To keep me from becoming conceited because of these surpassingly great revelations, there was given me a thorn in my flesh, a messenger of Satan, to torment me. Three times I pleaded with the Lord to take it away from me. But he said to me, "My grace is sufficient for you, for my power is made perfect in weakness." Therefore I will boast all the more gladly about my weaknesses, so that Christ's power may rest on me. That is why, for Christ's sake, I delight in weaknesses, in insults, in hardships, in persecutions, in difficulties. For when I am weak, then I am strong. (2 Cor 12:7 - 10 NIV)
Yesterday the negative side of my melancholic personality took over. I occasionally have dark spells, and this time, rather than inflict it on my work colleagues; I thought I’d take the day off as Annual Leave, stay at home and feel sorry for myself.
I cried…read my bible, played my guitar...had breakfast… cried…prayed to God…cried… listened to Joyce Meyer’s ‘Confidence, Freedom To Be Yourself’ teaching series on CD…laughed…and then cried! In a frenzy, I de-junked, cleaned, vacuumed and polished my flat. Went out to the library and borrowed ‘Miss Potter’…watched it and…you guessed it… CRIED! At this point, the English would say in their typically dry fashion
“So a lot of crying then?”
A friend called and this really lifted my spirits. I felt loved again.
The day really brought me a revelation… or rather it highlighted one of my major weaknesses.
I am an extremely NEEDY person- constantly in need of reassurance, or for a sense of belonging. One of my Love languages according to Dr Gary Chapmans’ Five Love Languages is Quality time which means that I feel loved when people choose to spend time with me, invite me to events, call or email, include me in their lives…
When I don’t get this, my initial reaction is to interprete it as rejection. To protect myself, I withdraw from relationship with those who I think do not love me anymore.
I know… totally irrational!
Of course I recognise that people can’t always be there for me in the way that I want them to. The 'weight of expectation' can be overly demanding and will drive (and has driven) close friends away. People have different ways of expressing love and I acknowledge that… in my head.
I think it's important to recognise and accept your weaknesses, not live in secret frustration and self deception. We should be like participants of Alcoholics Anonymous who at their meetings introduce themselves as "Alcoholics". The first step in dealing with a problem is to acknowledge that you have it.
Whenever I feel rejected, I go into a kind of mourning period and say before God that, "Right now I am hurt, I feel unloved. I know this is not true, but this is how I feel"
I allow His Holy Spirit to reason with me, until what I know in my head translates into my heart. I'd like to say that this all happens in a short space of time. Sometimes it can take days, months, years...
I used to pray for God to take away my weaknesses , and would sing along with that Hillsong song
"Lord I've come to know, the weaknesses I see in me will be stripped away by the Power of Your Love"
But will He strip them away in this lifetime?
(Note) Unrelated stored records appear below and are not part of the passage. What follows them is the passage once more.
text \<open>In the auxiliary graph the copy of colour \<open>i\<close> of \<open>v \<in> X\<^sub>C\<close> is adjacent exactly to the
  neighbours of \<open>v\<close> in \<open>X\<^sub>B\<close> of colour \<open>i\<close>. Let \<open>T\<^sub>1\<close> consist of the copies of colour \<open>f\<^sub>C(c)\<close>
  and \<open>T\<^sub>2\<close> of the other copies of the vertices \<open>c \<in> C\<^sub>1\<close>, let \<open>T\<^sub>3\<close> consist of both copies of
  every \<open>c \<in> C\<^sub>2\<close>, and let \<open>T\<^sub>X\<close> be the remaining copies. Then the neighbourhoods of \<open>T\<^sub>1\<close>,
  \<open>T\<^sub>2\<close>, \<open>T\<^sub>3\<close> in \<open>X\<^sub>B\<close> are \<open>A\<close>, \<open>R\<close>, \<open>N\<close>, and a set \<open>S\<close> pairwise separates the \<open>T\<^sub>i\<close> in
  \<open>G\<^sub>a\<^sub>u\<^sub>x - T\<^sub>X\<close> iff it pairwise separates their neighbourhoods in \<open>G[X\<^sub>B]\<close>: a path between
  neighbourhoods extends by one edge at each end, and conversely a path leaving \<open>T\<^sub>i\<close> can only
  enter another terminal class from a vertex reachable from the neighbourhood of \<open>T\<^sub>i\<close>.
  As \<open>|X\<^sub>C| \<le> |T|\<close>, property \<open>(\<star>)\<close> for this partition of \<open>T\<close> gives the claim.\<close>

lemma symp_commute: "symp E \<Longrightarrow> E x y \<longleftrightarrow> E y x"
  by (blast dest: sympD)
That would be GREAT! Marvelous, Fantastic even! But I don't think God will take away our weaknesses while we are here on earth. So we need to stop beating ourselves up about them. These flaws are in-built and are a reminder of our human fallibility. Everytime we come face to face with our weaknesses, let it be our cue to draw closer to God
Praise be to God for His wonderful grace and whose strength is made perfect in our weakness.